To the best of their knowledge, researchers have discovered for the first time evidence of Roman crucifixion in Great Britain. The skeletal remains of a man with a nail in his heel were found during archaeological excavations in the village of Feinstanton, about 90 kilometers north of London, the PA news agency reported on Wednesday.

This is a well-preserved example that is almost unique because of the nail remaining in the bone, said Corinne Duhigg, an expert at the University of Cambridge. “This shows that even the inhabitants of this small settlement on the edge of the empire could not escape the most barbaric Roman punishment.”

Duhigg said that there is only one similar example of crucifixion in the world, namely in Israel. There are also two such cases in Italy and Egypt which have not yet been confirmed.

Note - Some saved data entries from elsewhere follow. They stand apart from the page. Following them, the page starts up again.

text \<open>Preimage in Z^V of the torsion subgroup K(G) of coker L.\<close>
definition torsion_preimage :: "nat \<Rightarrow> (nat \<Rightarrow> bool) list \<Rightarrow> ((nat \<Rightarrow> bool) \<Rightarrow> int) set" where
  "torsion_preimage r M = {x \<in> int_vecs r. \<exists>k::int. k > 0 \<and> (\<lambda>u. k * x u) \<in> lap_image r M}"

text \<open>K(G) tensor Z/2 = K / 2K = T / (2T + im L) where T is the torsion preimage.\<close>
definition sandpile_mod2 :: "nat \<Rightarrow> (nat \<Rightarrow> bool) list \<Rightarrow> ((nat \<Rightarrow> bool) \<Rightarrow> int) set set" where
  "sandpile_mod2 r M =
     torsion_preimage r M //
       {(x, y). x \<in> torsion_preimage r M \<and> y \<in> torsion_preimage r M \<and>
          (\<exists>t \<in> torsion_preimage r M. \<exists>l \<in> lap_image r M. (\<lambda>u. x u - y u) = (\<lambda>u. 2 * t u + l u))}"

text \<open>d(M) = dim_{F_2} (K(G) tensor Z/2), i.e. the d with |K/2K| = 2^d.\<close>
definition d_inv :: "nat \<Rightarrow> (nat \<Rightarrow> bool) list \<Rightarrow> nat" where
  "d_inv r M = (THE d. card (sandpile_mod2 r M) = 2 ^ d)"

end

theory Submission
  imports Defs
begin
lemma saturation_subset_stuck:
  assumes stuck: "\<not> (\<exists>Sc'. sat_step Delta (S, c) Sc')" and "I \<subseteq> S"
  shows "saturation I Delta \<subseteq> S"
proof -
  have bcast: "q2 \<in> S" if "(q1, Bcast m, q2) \<in> Delta" "q1 \<in> S" for q1 m q2
  proof (rule ccontr)
    assume "q2 \<notin> S"
    then have "sat_step Delta (S, c) (insert q2 S, c + 1)"
      using that unfolding sat_step_def by auto
    with stuck show False by blast
  qed
  have recv: "q2' \<in> S"
    if "(q1, Bcast m, q2) \<in> Delta" "(q1', Recv m, q2') \<in> Delta" "q1 \<in> S" "q1' \<in> S"
    for q1 m q2 q1' q2'
  proof (rule ccontr)
    assume "q2' \<notin> S"
    then have "sat_step Delta (S, c) (insert q2' S, c + 2)"
      using that bcast[OF that(1,3)] bcast unfolding sat_step_def by (simp add: Let_def) blast
    with stuck show False by blast
  qed
  show ?thesis
  proof
    fix q assume "q \<in> saturation I Delta"
    then show "q \<in> S"
    proof induction
      case (initial q)
      then show ?case using \<open>I \<subseteq> S\<close> by blast
    next
      case (broadcast q1 m q2)
      then show ?case using bcast by blast
    next
      case (reception q1 q1' m q2 q2')
      then show ?case using recv by blast
    qed
  qed
qed

lemma saturation_result_eq:
  assumes "saturation_result I Delta S"
  shows "S = saturation I Delta"
proof -
  obtain c where run: "(sat_step Delta)\<^sup>*\<^sup>* (I, card I) (S, c)"
    and stuck: "\<not> (\<exists>Sc'. sat_step Delta (S, c) Sc')"
    using assms unfolding saturation_result_def by blast
  show ?thesis
    using sat_steps_between[OF run] saturation_subset_stuck[OF stuck] by blast
qed

lemma lossy_step_preserves_saturation:
  assumes "lossy_step Delta V E L N" and sat: "\<forall>v\<in>V. L v \<in> saturation I Delta"
  shows "\<forall>v\<in>V. N v \<in> saturation I Delta"
proof
  fix x assume "x \<in> V"
  obtain v m where "v \<in> V" and bc: "(L v, Bcast m, N v) \<in> Delta"
    and rest: "(\<forall>v'. v' \<noteq> v \<longrightarrow> N v' = L v') \<or>
      (\<forall>v'. v' \<noteq> v \<longrightarrow> ((v, v') \<in> E \<longrightarrow> (L v', Recv m, N v') \<in> Delta) \<and>
                         ((v, v') \<notin> E \<longrightarrow> N v' = L v'))"
    using assms(1) unfolding lossy_step_def by blast
  have Lv: "L v \<in> saturation I Delta" and Lx: "L x \<in> saturation I Delta"
    using sat \<open>v \<in> V\<close> \<open>x \<in> V\<close> by auto
  consider "x = v" | "x \<noteq> v" "(v, x) \<in> E" "N x \<noteq> L x" | "N x = L x"
    using rest by blast
  then show "N x \<in> saturation I Delta"
  proof cases
    case 1
    then show ?thesis using saturation.broadcast[OF Lv bc] by simp
  next
    case 2
    then show ?thesis using rest saturation.reception[OF Lv Lx bc] by blast
  next
    case 3
    then show ?thesis using Lx by simp
  qed
qed

lemma lossy_steps_preserve_saturation:
  "(lossy_step Delta V E)\<^sup>*\<^sup>* L N \<Longrightarrow> \<forall>v\<in>V. L v \<in> saturation I Delta \<Longrightarrow>
   \<forall>v\<in>V. N v \<in> saturation I Delta"
proof (induction rule: rtranclp_induct)
  case (step L' N')
  then show ?case using lossy_step_preserves_saturation[OF step.hyps(2)] by blast
qed

lemma coverable_saturation:
  assumes "coverable I Delta F"
  shows "F \<inter> saturation I Delta \<noteq> {}"
proof -
  obtain V E L0 L v where init: "\<forall>v\<in>V. L0 v \<in> I"
    and run: "(lossy_step Delta V E)\<^sup>*\<^sup>* L0 L" and "v \<in> V" "L v \<in> F"
    using assms unfolding coverable_iff_rtranclp by blast
  have "\<forall>v\<in>V. L0 v \<in> saturation I Delta"
    using init by (simp add: saturation.initial)
  with run have "\<forall>v\<in>V. L v \<in> saturation I Delta"
    by (rule lossy_steps_preserve_saturation)
  then show ?thesis using \<open>v \<in> V\<close> \<open>L v \<in> F\<close> by blast
qed

definition rooted_step ::
  "('q \<times> 'm action \<times> 'q) set \<Rightarrow> nat set \<Rightarrow> (nat \<times> nat) set \<Rightarrow> nat \<Rightarrow>
   (nat \<Rightarrow> 'q) \<Rightarrow> (nat \<Rightarrow> 'q) \<Rightarrow> bool" where
  "rooted_step Delta V E r L N \<longleftrightarrow>
     (\<exists>v\<in>V. \<exists>m. (L v, Bcast m, N v) \<in> Delta \<and>
        ((\<forall>x. x \<noteq> v \<longrightarrow> N x = L x) \<or>
         (v \<noteq> r \<and> (\<forall>x. x \<noteq> v \<longrightarrow>
            ((v, x) \<in> E \<longrightarrow> (L x, Recv m, N x) \<in> Delta) \<and>
            ((v, x) \<notin> E \<longrightarrow> N x = L x)))))"

lemma rooted_step_lossy_step: "rooted_step Delta V E r \<le> lossy_step Delta V E"
  unfolding rooted_step_def lossy_step_def by blast

definition rooted_reachable ::
  "'q set \<Rightarrow> ('q \<times> 'm action \<times> 'q) set \<Rightarrow> nat set \<Rightarrow> (nat \<times> nat) set \<Rightarrow> nat \<Rightarrow>
   (nat \<Rightarrow> 'q) \<Rightarrow> bool" where
  "rooted_reachable I Delta V E r L \<longleftrightarrow> graph_ok V E \<and> r \<in> V \<and>
     (\<exists>L0. (\<forall>v\<in>V. L0 v \<in> I) \<and> (rooted_step Delta V E r)\<^sup>*\<^sup>* L0 L)"

lemma rooted_reachable_lossy:
  assumes "rooted_reachable I Delta V E r L"
  obtains L0 where "graph_ok V E" "r \<in> V" "\<forall>v\<in>V. L0 v \<in> I" "(lossy_step Delta V E)\<^sup>*\<^sup>* L0 L"
  using assms rtranclp_mono[OF rooted_step_lossy_step]
  unfolding rooted_reachable_def by blast

lemma rooted_reachable_coverable: "rooted_reachable I Delta V E r L \<Longrightarrow> coverable I Delta {L r}"
  unfolding coverable_iff_rtranclp by (elim rooted_reachable_lossy) blast

lemma rooted_reachable_saturation:
  assumes "rooted_reachable I Delta V E r L"
  shows "\<forall>v\<in>V. L v \<in> saturation I Delta"
proof -
  obtain L0 where init: "\<forall>v\<in>V. L0 v \<in> I" and run: "(lossy_step Delta V E)\<^sup>*\<^sup>* L0 L"
    using assms by (rule rooted_reachable_lossy)
  have "\<forall>v\<in>V. L0 v \<in> saturation I Delta"
    using init by (simp add: saturation.initial)
  with run show ?thesis by (rule lossy_steps_preserve_saturation)
qed
lemma Hoeffding_sample_mean:
  fixes g :: "'s \<Rightarrow> real"
  assumes g [measurable]: "g \<in> borel_measurable Q"
    and bounded: "AE \<omega> in P. g (X 0 \<omega>) \<in> {lo..hi}" and "lo < hi" and "0 < n"
  shows "0 \<le> (\<integral>z. g z \<partial>Q) \<Longrightarrow> P.prob {\<omega>\<in>space P. (\<Sum>i<n. g (X i \<omega>)) \<le> 0}
           \<le> exp (-2 * real n * (\<integral>z. g z \<partial>Q)\<^sup>2 / (hi - lo)\<^sup>2)"
    and "(\<integral>z. g z \<partial>Q) \<le> 0 \<Longrightarrow> P.prob {\<omega>\<in>space P. 0 \<le> (\<Sum>i<n. g (X i \<omega>))}
           \<le> exp (-2 * real n * (\<integral>z. g z \<partial>Q)\<^sup>2 / (hi - lo)\<^sup>2)"
proof -
  have distr_g: "distr P borel (\<lambda>\<omega>. g (X i \<omega>)) = distr Q borel g" for i
    using distr_distr[OF g X_measurable[of i]] X_distr[of i] by (simp add: comp_def)
  interpret Hoeffding_ineq_iid P "{..<n}" "\<lambda>i \<omega>. g (X i \<omega>)" "\<lambda>\<omega>. g (X 0 \<omega>)" lo hi "\<integral>z. g z \<partial>Q"
  proof unfold_locales
    show "P.indep_vars (\<lambda>_. borel) (\<lambda>i \<omega>. g (X i \<omega>)) {..<n}"
      using P.indep_vars_subset[OF P.indep_vars_compose2[OF X_indep, of "\<lambda>_. g" "\<lambda>_. borel"]] by simp
    show "distr P borel (\<lambda>\<omega>. g (X i \<omega>)) = distr P borel (\<lambda>\<omega>. g (X 0 \<omega>))" for i
      unfolding distr_g ..
    show "(\<lambda>\<omega>. g (X 0 \<omega>)) \<in> borel_measurable P"
      by measurable
    show "AE \<omega> in P. g (X 0 \<omega>) \<in> {lo..hi}"
      by (rule bounded)
    show "(\<integral>z. g z \<partial>Q) \<equiv> P.expectation (\<lambda>\<omega>. g (X 0 \<omega>))"
      using integral_distr[OF X_measurable[of 0] g] X_distr[of 0] by simp
  qed simp
  have ne: "{..<n} \<noteq> {}" using \<open>0 < n\<close> by auto
  show "0 \<le> (\<integral>z. g z \<partial>Q) \<Longrightarrow> P.prob {\<omega>\<in>space P. (\<Sum>i<n. g (X i \<omega>)) \<le> 0}
           \<le> exp (-2 * real n * (\<integral>z. g z \<partial>Q)\<^sup>2 / (hi - lo)\<^sup>2)"
    using Hoeffding_ineq_le'[of "\<integral>z. g z \<partial>Q", OF _ \<open>lo < hi\<close> ne] \<open>0 < n\<close> by (simp add: divide_le_0_iff)
  show "(\<integral>z. g z \<partial>Q) \<le> 0 \<Longrightarrow> P.prob {\<omega>\<in>space P. 0 \<le> (\<Sum>i<n. g (X i \<omega>))}
           \<le> exp (-2 * real n * (\<integral>z. g z \<partial>Q)\<^sup>2 / (hi - lo)\<^sup>2)"
    using Hoeffding_ineq_ge'[of "- (\<integral>z. g z \<partial>Q)", OF _ \<open>lo < hi\<close> ne] \<open>0 < n\<close>
    by (simp add: zero_le_divide_iff)
qed
(* Let $d\in(0,1]$, $\kappa>0$, and let $\tau$ be the solution in $D(L_d)$ of $-L_d\tau=1$ (the limit mean extinction time, vanishing at $(0,0)$ and $(1,1)$). Let $H(z)=-2\big(z\ln z+(1-z)\ln(1-z)\big)$ and define, for $x=(x_1,x_2)\in[0,1]^2$, $$\underline\tau(x)=(d+1)H(z),\qquad z=\frac{x_1+dx_2}{1+d}.$$ Then $\underline\tau$ is a subsolution of $-L_d\tau=1$, i.e. $-L_d\underline\tau\le 1$, and $\underline\tau\le\tau$ on $[0,1]^2$.
   Context: Let $\mathcal D=[0,1]^2$, $M=\begin{pmatrix} d & -d\\ -1 & 1\end{pmatrix}$, and $$L_d u(x)=\frac{x_1(1-x_1)}{2}u_{x_1x_1}(x)+\frac{x_2(1-x_2)}{2d}u_{x_2x_2}(x)-\kappa\, Mx\cdot\nabla u(x).$$ Let $E=\{f\in C(\mathcal D): f(0,0)=f(1,1)=0\}$. For $N$ with $N_2=dN$ an integer, let $N_1=N$, $\delta t=1/N$, $A=\mathrm{Id}-\frac{\kappa}{N}M$, and $$B_N(g)(x)=\sum_{j_1=0}^{N_1}\sum_{j_2=0}^{N_2}\binom{N_1}{j_1}\binom{N_2}{j_2}x_1^{j_1}(1-x_1)^{N_1-j_1}x_2^{j_2}(1-x_2)^{N_2-j_2}\,g\!\left(\tfrac{j_1}{N_1},\tfrac{j_2}{N_2}\right);$$ $D(L_d)=\{f\in E:\ (B_N(f\circ A)-f)/\delta t\to L_d f \text{ in } E\}$. The function $\underline\tau$ is the mean extinction time of the one-patch Wright–Fisher diffusion with capacity $(1+d)N$ (no exchange). *)

theory Defs
  imports "HOL-Analysis.Analysis"
begin

definition Dsq :: "(real \<times> real) set" where
  "Dsq = {0..1} \<times> {0..1}"

definition inE :: "(real \<times> real \<Rightarrow> real) \<Rightarrow> bool" where
  "inE f \<longleftrightarrow> continuous_on Dsq f \<and> f (0,0) = 0 \<and> f (1,1) = 0"

definition d1 :: "(real \<times> real \<Rightarrow> real) \<Rightarrow> real \<times> real \<Rightarrow> real" where
  "d1 u x = deriv (\<lambda>t. u (t, snd x)) (fst x)"
definition d2 :: "(real \<times> real \<Rightarrow> real) \<Rightarrow> real \<times> real \<Rightarrow> real" where
  "d2 u x = deriv (\<lambda>t. u (fst x, t)) (snd x)"
definition d11 :: "(real \<times> real \<Rightarrow> real) \<Rightarrow> real \<times> real \<Rightarrow> real" where
  "d11 u x = deriv (\<lambda>t. deriv (\<lambda>s. u (s, snd x)) t) (fst x)"
definition d22 :: "(real \<times> real \<Rightarrow> real) \<Rightarrow> real \<times> real \<Rightarrow> real" where
  "d22 u x = deriv (\<lambda>t. deriv (\<lambda>s. u (fst x, s)) t) (snd x)"

definition Mmap :: "real \<Rightarrow> real \<times> real \<Rightarrow> real \<times> real" where
  "Mmap d x = (d * fst x - d * snd x, - fst x + snd x)"

definition Ld :: "real \<Rightarrow> real \<Rightarrow> (real \<times> real \<Rightarrow> real) \<Rightarrow> real \<times> real \<Rightarrow> real" where
  "Ld d \<kappa> u x =
     fst x * (1 - fst x) / 2 * d11 u x
   + snd x * (1 - snd x) / (2 * d) * d22 u x
   - \<kappa> * (fst (Mmap d x) * d1 u x + snd (Mmap d x) * d2 u x)"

Crucifixion was common in the Roman Empire

So crucifixion was common in the Roman Empire. However, according to the expert, there are only a few surviving examples because nails were not always used. Many of the victims were tied with T-shaped crosses. In addition, nails were often reused or made into amulets. Cruel punishment was abolished by Emperor Constantine in the 4th century.

In 2017, a total of five small cemeteries with 40 buried adults and 5 children were discovered at the burial site in Feinstanten. Duhigg said the skeleton of Christ crucified had other injuries and evidence of abuse. The researchers have not yet published their results scientifically.